# Chapter 4: Data Visualization

In [None]:
!pip install matplotlib

In [None]:
%reset
low_memory=False
import pandas as pd
import numpy as np
import matplotlib.pyplot as plt

## 4.1 Introduction & Problem Setting

In this lesson we are going to go over the basics of plotting in python. For this we will use the matplotlib library. There are other libraries (seaborn, plotnine, ...) that offer different types of functionality and other programming languages more suited to data visualisation (e.g. ggplot2 in R), but let's take the path of least resistence for now.

For those of you who are interested in the specifics of including local/web images in your jupyter notebook: consult the StackOverflow oracle at https://stackoverflow.com/questions/32370281/how-to-embed-image-or-picture-in-jupyter-notebook-either-from-a-local-machine-o

Those interested in markdown and the link to html, visit https://www.xaprb.com/blog/how-to-style-images-with-markdown/

## 4.2 Basic data visualization

Before we get started with visualizing our first plots, remember that the internet is a beautiful place!

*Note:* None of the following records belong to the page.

lemma convex_weighted_average_mem:
  fixes v :: "'i \<Rightarrow> 'a::real_vector"
  assumes "finite K" "convex C" "\<forall>k\<in>K. 0 \<le> a k" "0 < (\<Sum>k\<in>K. a k)" "\<forall>k\<in>K. v k \<in> C"
  shows "(1 / (\<Sum>k\<in>K. a k)) *\<^sub>R (\<Sum>k\<in>K. a k *\<^sub>R v k) \<in> C"
proof -
  have "(\<Sum>k\<in>K. (a k / (\<Sum>k\<in>K. a k)) *\<^sub>R v k) \<in> C"
    using assms by (intro convex_sum) (auto simp: sum_divide_distrib[symmetric])
  then show ?thesis by (simp add: scaleR_sum_right)
qed

lemma sum_mult_inner_diff_weighted_average:
  fixes v :: "'i \<Rightarrow> 'a::real_inner"
  assumes "(\<Sum>k\<in>K. a k) \<noteq> 0"
  shows "(\<Sum>k\<in>K. a k * ((v k - z) \<bullet> P))
    = (\<Sum>k\<in>K. a k) * (((1 / (\<Sum>k\<in>K. a k)) *\<^sub>R (\<Sum>k\<in>K. a k *\<^sub>R v k) - z) \<bullet> P)"
  using assms
  by (simp add: inner_diff_left inner_sum_left sum_subtractf right_diff_distrib flip: sum_distrib_right)

lemma convex_on_uniform_average_le:
  fixes f :: "'a::real_vector \<Rightarrow> real"
  assumes "convex_on UNIV f"
  shows "f ((1 / (real t + 1)) *\<^sub>R (\<Sum>k\<le>t. v k)) \<le> (\<Sum>k\<le>t. f (v k)) / (real t + 1)"
proof -
  have "f (\<Sum>k\<le>t. (1 / (real t + 1)) *\<^sub>R v k) \<le> (\<Sum>k\<le>t. (1 / (real t + 1)) * f (v k))"
    by (rule convex_on_sum[OF _ _ assms]) auto
  then show ?thesis
    by (simp add: scaleR_sum_right sum_divide_distrib[symmetric])
qed

lemma convex_nonneg_orthant: "convex {l :: real^'p. \<forall>i. 0 \<le> l $ i}"
  unfolding convex_def by auto

lemma stepsize_ratio_le:
  fixes a a' e e' :: real
  assumes "0 < a" "0 < e" "0 < e'" "e * (a' / a) \<le> e'"
  shows "a' / e' \<le> a / e"
  using assms by (simp add: field_simps)

locale spice_iteration =
  fixes X :: "(real^'n) set" and Y :: "(real^'m) set"
    and f :: "real^'n \<Rightarrow> real" and g :: "real^'m \<Rightarrow> real"
    and Phi :: "real^'n \<Rightarrow> real^'p" and Psi :: "real^'m \<Rightarrow> real^'p"
    and DPhi :: "real^'n \<Rightarrow> real^'n^'p" and DPsi :: "real^'m \<Rightarrow> real^'m^'p"
    and \<rho> \<mu> :: real and \<eta> :: "nat \<Rightarrow> real" and t :: nat
    and x xb :: "nat \<Rightarrow> real^'n" and y yb :: "nat \<Rightarrow> real^'m"
    and l lb :: "nat \<Rightarrow> real^'p"
    and R :: "real^'n \<Rightarrow> real^'m \<Rightarrow> real" and r s :: "nat \<Rightarrow> real"
  assumes R_eq: "R = Rfun DPhi DPsi"
    and r_eq: "r = (\<lambda>k. sqrt (R (x k) (y k)) / \<eta> k)"
    and s_eq: "s = (\<lambda>k. \<mu> * R (xb k) (yb k) / (\<eta> k * sqrt (R (x k) (y k))))"
    and convex_X: "convex X" and convex_Y: "convex Y"
    and f_cvx: "convex_on UNIV f" and g_cvx: "convex_on UNIV g"
    and Phi_cvx: "\<forall>i. convex_on UNIV (\<lambda>z. Phi z $ i)"
    and Psi_cvx: "\<forall>i. convex_on UNIV (\<lambda>z. Psi z $ i)"
    and Phi_deriv: "\<forall>z. (Phi has_derivative (\<lambda>h. DPhi z *v h)) (at z)"
    and Psi_deriv: "\<forall>z. (Psi has_derivative (\<lambda>h. DPsi z *v h)) (at z)"
    and rho_pos: "\<rho> > 0" and mu: "\<mu> > 1"
    and eta_pos: "\<forall>k. \<eta> k > 0"
    and R_pos: "\<forall>k. R (x k) (y k) > 0" "\<forall>k. R (xb k) (yb k) > 0"
    and xb_step: "\<forall>k. xb k \<in> X \<and> (\<forall>z\<in>X.
        \<rho> * f (xb k) + (1 / \<eta> k) * (l k \<bullet> Phi (xb k)) + r k / 2 * (norm (xb k - x k))\<^sup>2
        \<le> \<rho> * f z + (1 / \<eta> k) * (l k \<bullet> Phi z) + r k / 2 * (norm (z - x k))\<^sup>2)"
    and yb_step: "\<forall>k. yb k \<in> Y \<and> (\<forall>z\<in>Y.
        \<rho> * g (yb k) + (1 / \<eta> k) * (l k \<bullet> Psi (yb k)) + r k / 2 * (norm (yb k - y k))\<^sup>2
        \<le> \<rho> * g z + (1 / \<eta> k) * (l k \<bullet> Psi z) + r k / 2 * (norm (z - y k))\<^sup>2)"
    and lb_step: "\<forall>k. lb k = (\<chi> i. max (l k $ i + (1 / (\<eta> k * s k)) * (Phi (xb k) $ i + Psi (yb k) $ i)) 0)"
    and x_upd: "\<forall>k. x (Suc k) = xb k + (1 / (\<eta> k * r k)) *\<^sub>R (transpose (DPhi (xb k)) *v (l k - lb k))"
    and y_upd: "\<forall>k. y (Suc k) = yb k + (1 / (\<eta> k * r k)) *\<^sub>R (transpose (DPsi (yb k)) *v (l k - lb k))"
    and l_upd: "\<forall>k. l (Suc k) = lb k"
    and eta_cond: "\<forall>k\<in>{1..t}.
        \<eta> k \<ge> \<eta> (k - 1) * sqrt (R (x k) (y k) / R (x (k - 1)) (y (k - 1))) \<and>
        \<eta> k \<ge> \<eta> (k - 1) * (R (xb k) (yb k) * sqrt (R (x (k - 1)) (y (k - 1))))
                   / (R (xb (k - 1)) (yb (k - 1)) * sqrt (R (x k) (y k)))"
begin

lemma r_pos: "r k > 0"
  using R_pos eta_pos by (simp add: r_eq)

lemma s_pos: "s k > 0"
  using R_pos eta_pos mu by (simp add: s_eq)

lemma r_antimono: "Suc k \<le> t \<Longrightarrow> r (Suc k) \<le> r k"
  using eta_cond[rule_format, of "Suc k"] R_pos eta_pos
  unfolding r_eq by (intro stepsize_ratio_le) (auto simp: real_sqrt_divide)

lemma s_antimono: "Suc k \<le> t \<Longrightarrow> s (Suc k) \<le> s k"
proof -
  assume "Suc k \<le> t"
  define a where "a j = \<mu> * R (xb j) (yb j) / sqrt (R (x j) (y j))" for j
  have "\<eta> k * (a (Suc k) / a k) = \<eta> k * (R (xb (Suc k)) (yb (Suc k)) * sqrt (R (x k) (y k)))
      / (R (xb k) (yb k) * sqrt (R (x (Suc k)) (y (Suc k))))"
    using R_pos mu by (simp add: a_def field_simps)
  also have "\<dots> \<le> \<eta> (Suc k)"
    using eta_cond[rule_format, of "Suc k"] \<open>Suc k \<le> t\<close> by simp
  finally have "a (Suc k) / \<eta> (Suc k) \<le> a k / \<eta> k"
    using R_pos eta_pos mu by (intro stepsize_ratio_le) (auto simp: a_def)
  then show ?thesis by (simp add: s_eq a_def mult.commute)
qed

text \<open>The squared distance \<open>\<parallel>w - w\<^sup>k\<parallel>\<^sup>2\<close> in the metric \<open>H\<^sub>j = diag(r\<^sub>j I, r\<^sub>j I, s\<^sub>j I)\<close>.\<close>
definition H_dist :: "nat \<Rightarrow> real^'n \<Rightarrow> real^'m \<Rightarrow> real^'p \<Rightarrow> nat \<Rightarrow> real" where
  "H_dist j xs ys ls k = r j * ((norm (xs - x k))\<^sup>2 + (norm (ys - y k))\<^sup>2) + s j * (norm (ls - l k))\<^sup>2"

text \<open>The pairing \<open>(v - w)\<^sup>T \<Gamma>(w)\<close> of a point \<open>v = (xv, yv, lv)\<close> with the operator at \<open>w = (xs, ys, ls)\<close>.\<close>
definition Gamma_pairing :: "real^'n \<Rightarrow> real^'m \<Rightarrow> real^'p \<Rightarrow> real^'n \<Rightarrow> real^'m \<Rightarrow> real^'p \<Rightarrow> real" where
  "Gamma_pairing xs ys ls xv yv lv =
     (xv - xs) \<bullet> (transpose (DPhi xs) *v ls) + (yv - ys) \<bullet> (transpose (DPsi ys) *v ls)
     + (lv - ls) \<bullet> (- Phi xs - Psi ys)"

definition eta_weighted_avg :: "(nat \<Rightarrow> 'a::real_vector) \<Rightarrow> 'a" where
  "eta_weighted_avg v = (1 / (\<Sum>k\<le>t. 1 / \<eta> k)) *\<^sub>R (\<Sum>k\<le>t. (1 / \<eta> k) *\<^sub>R v k)"

lemma eta_sum_pos: "0 < (\<Sum>k\<le>t. 1 / \<eta> k)"
  using eta_pos by (intro sum_pos) auto

lemma eta_weighted_avg_mem:
  assumes "convex C" "\<forall>k\<le>t. v k \<in> C"
  shows "eta_weighted_avg v \<in> C"
  unfolding eta_weighted_avg_def
  using assms eta_pos eta_sum_pos by (intro convex_weighted_average_mem) (auto simp: less_imp_le)

lemma eta_weighted_avg_feasible:
  "eta_weighted_avg xb \<in> X \<and> eta_weighted_avg yb \<in> Y \<and> (\<forall>i. 0 \<le> eta_weighted_avg lb $ i)"
proof -
  have "eta_weighted_avg lb \<in> {l. \<forall>i. 0 \<le> l $ i}"
    using lb_step by (intro eta_weighted_avg_mem[OF convex_nonneg_orthant]) simp
  moreover have "eta_weighted_avg xb \<in> X" "eta_weighted_avg yb \<in> Y"
    using xb_step yb_step by (auto intro: eta_weighted_avg_mem[OF convex_X] eta_weighted_avg_mem[OF convex_Y])
  ultimately show ?thesis by simp
qed

lemma H_dist_initial:
  "H_dist 0 xs ys ls 0 / (2 * \<rho> * (real t + 1))
    = 1 / (2 * \<eta> 0 * \<rho> * (real t + 1)) * (sqrt (R (x 0) (y 0)) * ((norm (xs - x 0))\<^sup>2 + (norm (ys - y 0))\<^sup>2)
        + \<mu> * R (xb 0) (yb 0) / sqrt (R (x 0) (y 0)) * (norm (ls - l 0))\<^sup>2)"
proof -
  have "\<eta> 0 > 0" "sqrt (R (x 0) (y 0)) > 0" "\<rho> * (real t + 1) > 0"
    using eta_pos R_pos rho_pos by auto
  then show ?thesis
    unfolding H_dist_def by (simp add: r_eq s_eq field_simps)
qed

lemma descent:
  assumes "xs \<in> X" "ys \<in> Y" "\<forall>i. ls $ i \<ge> 0"
  shows "\<rho> * ((f (xb k) + g (yb k)) - (f xs + g ys)) + (1 / \<eta> k) * Gamma_pairing xs ys ls (xb k) (yb k) (lb k)
    \<le> 1/2 * (H_dist k xs ys ls k - H_dist k xs ys ls (Suc k))"
proof -
  have "(spec_norm (DPhi (xb k)))\<^sup>2 + (spec_norm (DPsi (yb k)))\<^sup>2 = R (xb k) (yb k)"
    by (simp add: R_eq Rfun_def)
  also have "\<dots> \<le> s k * (\<eta> k * \<eta> k * r k)"
    using R_pos eta_pos mu by (simp add: r_eq s_eq field_simps)
  finally show ?thesis
    using spice_iteration_descent[OF convex_X convex_Y f_cvx g_cvx Phi_cvx Psi_cvx Phi_deriv Psi_deriv
        rho_pos eta_pos[rule_format] r_pos s_pos assms xb_step[rule_format] yb_step[rule_format]
        lb_step[rule_format] x_upd[rule_format] y_upd[rule_format]]
    unfolding H_dist_def Gamma_pairing_def by (simp add: l_upd)
qed

lemma H_dist_nonneg: "0 \<le> H_dist j xs ys ls k"
  using r_pos[of j] s_pos[of j] by (simp add: H_dist_def)

lemma H_dist_antimono: "k < t \<Longrightarrow> H_dist (Suc k) xs ys ls i \<le> H_dist k xs ys ls i"
  unfolding H_dist_def using r_antimono[of k] s_antimono[of k]
  by (intro add_mono mult_right_mono) auto

lemma Gamma_pairing_eta_weighted_sum:
  "(\<Sum>k\<le>t. (1 / \<eta> k) * Gamma_pairing xs ys ls (xb k) (yb k) (lb k))
    = (\<Sum>k\<le>t. 1 / \<eta> k)
      * Gamma_pairing xs ys ls (eta_weighted_avg xb) (eta_weighted_avg yb) (eta_weighted_avg lb)"
proof -
  have ne: "(\<Sum>k\<le>t. 1 / \<eta> k) \<noteq> 0" using eta_sum_pos by simp
  show ?thesis
    unfolding Gamma_pairing_def eta_weighted_avg_def distrib_left sum.distrib
    by (simp only: sum_mult_inner_diff_weighted_average[OF ne])
qed

lemma sum_descent_le:
  assumes "xs \<in> X" "ys \<in> Y" "\<forall>i. ls $ i \<ge> 0"
  shows "(\<Sum>k\<le>t. \<rho> * ((f (xb k) + g (yb k)) - (f xs + g ys))
        + (1 / \<eta> k) * Gamma_pairing xs ys ls (xb k) (yb k) (lb k))
      \<le> 1/2 * H_dist 0 xs ys ls 0"
proof (rule sum_le_of_telescoping_nonincreasing[where V = "\<lambda>j k. 1/2 * H_dist j xs ys ls k"])
  show "\<rho> * ((f (xb k) + g (yb k)) - (f xs + g ys)) + (1 / \<eta> k) * Gamma_pairing xs ys ls (xb k) (yb k) (lb k)
      \<le> 1/2 * H_dist k xs ys ls k - 1/2 * H_dist k xs ys ls (Suc k)" for k
    using descent[OF assms, of k] by (simp only: right_diff_distrib)
qed (use H_dist_antimono H_dist_nonneg in auto)

lemma ergodic_bound:
  assumes "xs \<in> X" "ys \<in> Y" "\<forall>i. ls $ i \<ge> 0"
  shows "(f ((1 / (real t + 1)) *\<^sub>R (\<Sum>k\<le>t. xb k)) + g ((1 / (real t + 1)) *\<^sub>R (\<Sum>k\<le>t. yb k)))
      - (f xs + g ys)
      + (\<Sum>k\<le>t. 1 / \<eta> k) / ((real t + 1) * \<rho>)
        * Gamma_pairing xs ys ls (eta_weighted_avg xb) (eta_weighted_avg yb) (eta_weighted_avg lb)
    \<le> H_dist 0 xs ys ls 0 / (2 * \<rho> * (real t + 1))"
proof -
  define S where "S = (\<Sum>k\<le>t. 1 / \<eta> k)"
  define G where "G = Gamma_pairing xs ys ls (eta_weighted_avg xb) (eta_weighted_avg yb) (eta_weighted_avg lb)"
  define \<theta> where "\<theta> = (\<Sum>k\<le>t. f (xb k) + g (yb k))"
  define T where "T = real t + 1"
  have T: "T > 0" by (simp add: T_def)
  have "(\<Sum>k\<le>t. \<rho> * ((f (xb k) + g (yb k)) - (f xs + g ys))
        + (1 / \<eta> k) * Gamma_pairing xs ys ls (xb k) (yb k) (lb k))
      \<le> 1/2 * H_dist 0 xs ys ls 0"
    by (rule sum_descent_le[OF assms])
  moreover have "(\<Sum>k\<le>t. \<rho> * ((f (xb k) + g (yb k)) - (f xs + g ys))
        + (1 / \<eta> k) * Gamma_pairing xs ys ls (xb k) (yb k) (lb k))
      = \<rho> * \<theta> - \<rho> * T * (f xs + g ys) + S * G"
    unfolding sum.distrib Gamma_pairing_eta_weighted_sum S_def[symmetric] G_def[symmetric]
    by (simp add: sum_subtractf right_diff_distrib \<theta>_def T_def flip: sum_distrib_left)
  ultimately have telescoped: "\<rho> * \<theta> - \<rho> * T * (f xs + g ys) + S * G \<le> 1/2 * H_dist 0 xs ys ls 0"
    by simp
  define avg where "avg = f ((1 / T) *\<^sub>R (\<Sum>k\<le>t. xb k)) + g ((1 / T) *\<^sub>R (\<Sum>k\<le>t. yb k))"
  have "T * avg \<le> \<theta>"
    using convex_on_uniform_average_le[OF f_cvx, of t xb] convex_on_uniform_average_le[OF g_cvx, of t yb] T
    by (simp add: avg_def \<theta>_def T_def sum.distrib field_simps)
  then have jensen: "\<rho> * (T * avg) \<le> \<rho> * \<theta>"
    using rho_pos by simp
  have "T * \<rho> * (avg - (f xs + g ys) + S / (T * \<rho>) * G) = \<rho> * (T * avg) - \<rho> * T * (f xs + g ys) + S * G"
    using T rho_pos by (simp add: field_simps)
  with jensen telescoped have "T * \<rho> * (avg - (f xs + g ys) + S / (T * \<rho>) * G) \<le> H_dist 0 xs ys ls 0 / 2"
    by linarith
  with rho_pos T show ?thesis
    unfolding S_def[symmetric] G_def[symmetric] T_def[symmetric] avg_def[symmetric]
    by (simp add: pos_le_divide_eq mult_ac)
qed

end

There are plenty of tutorials out there whihc offer a unique view on the subject. Some of those examples are [this tutorial](https://www.skytowner.com/explore/getting_started_with_matplotlib) or the official [documentation](https://matplotlib.org/stable/api/_as_gen/matplotlib.pyplot.show.html).

Noz, let's get started by plotting a simple data point!

In [None]:
plt.scatter(1, 1, color = 'r')

We can easily add a second point to our visualization by passing it to the function.

In [None]:
plt.scatter([1,3],[1,3], color = 'r')

We can also play around with the colour!

There are multiple options available. You can use a lot of abbreviations (such as 'r' for red), RGBA codes, HEX codes or even common css named colours.

In [None]:
plt.scatter([1,2],[1,2], color = 'gold')

In [None]:
plt.scatter([1,2],[1,2], color = (0.1, 0.2, 0.5, 0.3))

Right now we are working in a **scatterplot**. This works great for visualizing seperate data points. But what do we do if we want to show an evolution of data and we want to connect the dots?

Instead of remaining in our plot.scatter world, we use plt.plot! This allows us to draw lines with ease.

In [None]:
plt.plot([1,2],[1,2], color = 'r')

Everything we've seen so far is good for basic visualizations, but when it comes to proper data plotting we are going to need a bit more structure. Luckily, there is already a defined structure for us to use in seaborn!

A visualization is what we usually call a **Figure**. Each figure can exist of multiple plots or **axes**. Remember, these are not to be confused with the x and y **axis** of a plot! Please study the graph below to get a feeling of the structure.

![](https://storage.googleapis.com/skytowner_public/images/uG4nzrYfQ9KDk2M87YDI/matplotlib_figure_axes_axis%20(4).png)

Let's try this out! Just like always we are going to store the output of our plot in a variable so we can use it later. We will be making one figure with a single axes containing a simple plot with two data points.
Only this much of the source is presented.